И вспыхнет пламя

— А что ты собираешься делать? — спрашиваю я.

— Просто просмотрю немного свои пометки. Получу ясную картину того, против чего мы выступаем. Но я пробегусь по этому с тобой утром. Иди спать, Китнисс, — говорит он.

Таким образом, я отправляюсь в кровать и, естественно, по прошествии нескольких часов просыпаюсь от кошмара, в котором старая женщина из Дистрикта-4 превращается в большого грызуна, поедающего мое лицо. Я знаю, что кричала, но никто не приходит. Ни Пит, ни даже один из дежурных Капитолия. Я накидываю халат, пытаясь успокоить гусиную кожу, покрывающую мое тело. Находиться в мое купе невозможно, поэтому я решаю пойти и найти кого-нибудь, кто сделает мне чай или горячий шоколад. Может, Хеймитч еще тут. Наверняка он не спит.

Я заказываю дежурному теплое молоко — наиболее успокаивающую вещь, которую я знаю. Слыша голоса из телевизионной комнаты, я вхожу в нее и нахожу там Пита. Около него на кушетке стоит коробка, присланная Эффи, в которой находятся записи прошлых Голодных Игр. Я узнаю эпизод, в котором Брут стал победителем.

Пит поднимается и останавливает видео, когда замечает меня.

— Не можешь уснуть?

— Не слишком долго, — говорю я.

Я запахиваю халат плотнее, когда вспоминаю старуху, превратившуюся в грызуна.

— Хочешь поговорить об этом? — спрашивает Пит. Иногда это может помочь, но я лишь качаю головой, чувствуя слабость оттого, что люди, с которыми я еще даже не сражалась, преследуют меня.

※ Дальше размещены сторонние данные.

lemma sum_cell_endpoint_probs:
  fixes f :: "real \<Rightarrow> real"
  assumes M: "0 < M" and p: "0 \<le> p" "p \<le> 1"
  shows "(\<Sum>i\<le>M ^ n. f (measure_pmf.prob (perc_pmf M p n) {\<omega>. cell_endpoint (removed_cell M n \<omega>) i}))
    = 2 * f (1 - p ^ n) + (\<Sum>i\<in>{1..<M ^ n}. f (1 - p ^ n * p ^ grid_levels M n i))"
proof -
  have N: "0 < M ^ n" using M by simp
  have "{..M ^ n} = insert 0 (insert (M ^ n) {1..<M ^ n})" using N by auto
  moreover have "(\<Sum>i\<in>{1..<M ^ n}. f (measure_pmf.prob (perc_pmf M p n) {\<omega>. cell_endpoint (removed_cell M n \<omega>) i}))
      = (\<Sum>i\<in>{1..<M ^ n}. f (1 - p ^ n * p ^ grid_levels M n i))"
    using prob_cell_endpoint[OF M p] by (intro sum.cong) (auto simp: power_add)
  ultimately show ?thesis using N prob_cell_endpoint[OF M p] by simp
qed

lemma grid_levels_mult_add:
  assumes "0 < b" "b < M"
  shows "grid_levels M (Suc n) (a * M + b) = 1"
proof -
  have "\<not> M ^ t dvd a * M + b" if "0 < t" for t
  proof
    assume "M ^ t dvd a * M + b"
    moreover have "M dvd M ^ t" using that by (simp add: dvd_power)
    ultimately have "M dvd b" by (metis dvd_add_right_iff dvd_trans dvd_triv_right)
    then show False using assms by (auto dest: dvd_imp_le)
  qed
  then have "{t. t < Suc n \<and> M ^ t dvd a * M + b} = {0}" by auto
  then show ?thesis unfolding grid_levels_def by simp
qed

lemma grid_levels_mult:
  assumes "0 < M"
  shows "grid_levels M (Suc n) (a * M) = Suc (grid_levels M n a)"
proof -
  have "{t. t < Suc n \<and> M ^ t dvd a * M} = insert 0 (Suc ` {t. t < n \<and> M ^ t dvd a})"
  proof (intro equalityI subsetI)
    fix t assume t: "t \<in> {t. t < Suc n \<and> M ^ t dvd a * M}"
    show "t \<in> insert 0 (Suc ` {t. t < n \<and> M ^ t dvd a})"
    proof (cases t)
      case (Suc s)
      then have "M ^ s * M dvd a * M" using t by (simp add: mult.commute)
      then have "M ^ s dvd a" using assms by simp
      then show ?thesis using Suc t by auto
    qed simp
  qed (auto simp: mult.commute)
  then show ?thesis unfolding grid_levels_def by (simp add: card_image)
qed
theorem mainTheorem12:
  fixes v :: "'k::field_char_0 \<Rightarrow> int" and \<pi> :: 'k
  assumes "p_adic_local_field v"
    and "\<pi> \<noteq> 0" and "v \<pi> = 1"
  defines "OK \<equiv> valuation_ring v"
  defines "\<psi> \<equiv> (\<lambda>W::('n::finite \<Rightarrow> 'k) set. W \<inter> std_lattice OK)"
  defines "F \<equiv> realization_map \<psi>"
  shows "(\<forall>W\<in>tits_building. \<psi> W \<in> lattice_poset OK \<pi>) \<and>
         (\<forall>W1\<in>tits_building. \<forall>W2\<in>tits_building. W1 \<subseteq> W2 \<longrightarrow> \<psi> W1 \<subseteq> \<psi> W2) \<and>
         continuous_map (order_complex tits_building (\<subseteq>))
                        (order_complex (lattice_poset OK \<pi>) (\<subseteq>)) F \<and>
         (\<exists>G. continuous_map (order_complex (lattice_poset OK \<pi>) (\<subseteq>))
                             (order_complex tits_building (\<subseteq>)) G \<and>
              homotopic_with (\<lambda>x. True) (order_complex tits_building (\<subseteq>))
                 (order_complex tits_building (\<subseteq>)) (G \<circ> F) id \<and>
              homotopic_with (\<lambda>x. True) (order_complex (lattice_poset OK \<pi>) (\<subseteq>))
                 (order_complex (lattice_poset OK \<pi>) (\<subseteq>)) (F \<circ> G) id)"
proof -
  interpret discrete_valuation v
    using assms(1) by unfold_locales (simp add: p_adic_local_field_def)
  let ?T = "tits_building :: ('n \<Rightarrow> 'k) set set"
  let ?L = "lattice_poset OK \<pi> :: ('n \<Rightarrow> 'k) set set"
  let ?G = "realization_map (K_span :: ('n \<Rightarrow> 'k) set \<Rightarrow> _)"
  have \<psi>_in: "\<forall>W\<in>?T. \<psi> W \<in> ?L"
    unfolding assms(4,5) using Int_std_lattice_in_lattice_poset[OF assms(3)] by blast
  have \<psi>_mono: "\<forall>W1\<in>?T. \<forall>W2\<in>?T. W1 \<subseteq> W2 \<longrightarrow> \<psi> W1 \<subseteq> \<psi> W2"
    by (auto simp: assms(5))
  have span_in: "\<And>U. U \<in> ?L \<Longrightarrow> K_span U \<in> ?T"
    unfolding assms(4) using K_span_in_tits_building by blast
  have span_mono: "\<And>U U'. U \<subseteq> U' \<Longrightarrow> K_span U \<subseteq> (K_span U' :: ('n \<Rightarrow> 'k) set)"
    by (rule K_span_mono)
  have span_\<psi>: "\<And>W. W \<in> ?T \<Longrightarrow> K_span (\<psi> W) = W"
    unfolding assms(4,5) tits_building_def using K_span_Int_std_lattice by blast
  have \<psi>_span: "\<And>U. U \<in> ?L \<Longrightarrow> U \<subseteq> \<psi> (K_span U)"
    using subset_K_span by (auto simp: assms(5) lattice_poset_def)
  have "continuous_map (order_complex ?T (\<subseteq>)) (order_complex ?L (\<subseteq>)) F"
    unfolding assms(6) by (rule continuous_map_realization_map) (use \<psi>_in \<psi>_mono in auto)
  moreover have "continuous_map (order_complex ?L (\<subseteq>)) (order_complex ?T (\<subseteq>)) ?G"
    by (rule continuous_map_realization_map) (use span_in span_mono in auto)
  moreover have
    "homotopic_with (\<lambda>x. True) (order_complex ?T (\<subseteq>)) (order_complex ?T (\<subseteq>)) (?G \<circ> F) id"
    "homotopic_with (\<lambda>x. True) (order_complex ?L (\<subseteq>)) (order_complex ?L (\<subseteq>)) (F \<circ> ?G) id"
    using realization_maps_homotopy_inverse[of ?T \<psi> ?L K_span]
      \<psi>_in \<psi>_mono span_in span_mono span_\<psi> \<psi>_span
    unfolding assms(6) by auto
  ultimately show ?thesis using \<psi>_in \<psi>_mono by blast
qed

end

Когда Пит протягивает руки, я иду прямо в них. Это первый раз, с тех пор как объявили о Двадцатипятилетии Подавления, когда он проявляет некоторый вид привязанности ко мне. Он был больше похож на очень требовательного тренера, всегда подталкивая, всегда заставляя Хеймитча и меня бежать быстрее, есть больше, узнавать противника лучше. Возлюбленный? Забудь об этом. Он отказался от всего этого, даже от того, чтобы быть моим другом. Я крепко обнимаю его руками за шею, прежде чем он заставит меня отжиматься или еще что-нибудь. Вместо этого он притягивает меня ближе и прячет свое лицо у меня в волосах. Я чувствую тепло там, где его губы просто касаются моей шеи, оно медленно растекается по всему моему телу. Это так хорошо, так невероятно хорошо, что я понимаю, что не смогу отпустить его первой.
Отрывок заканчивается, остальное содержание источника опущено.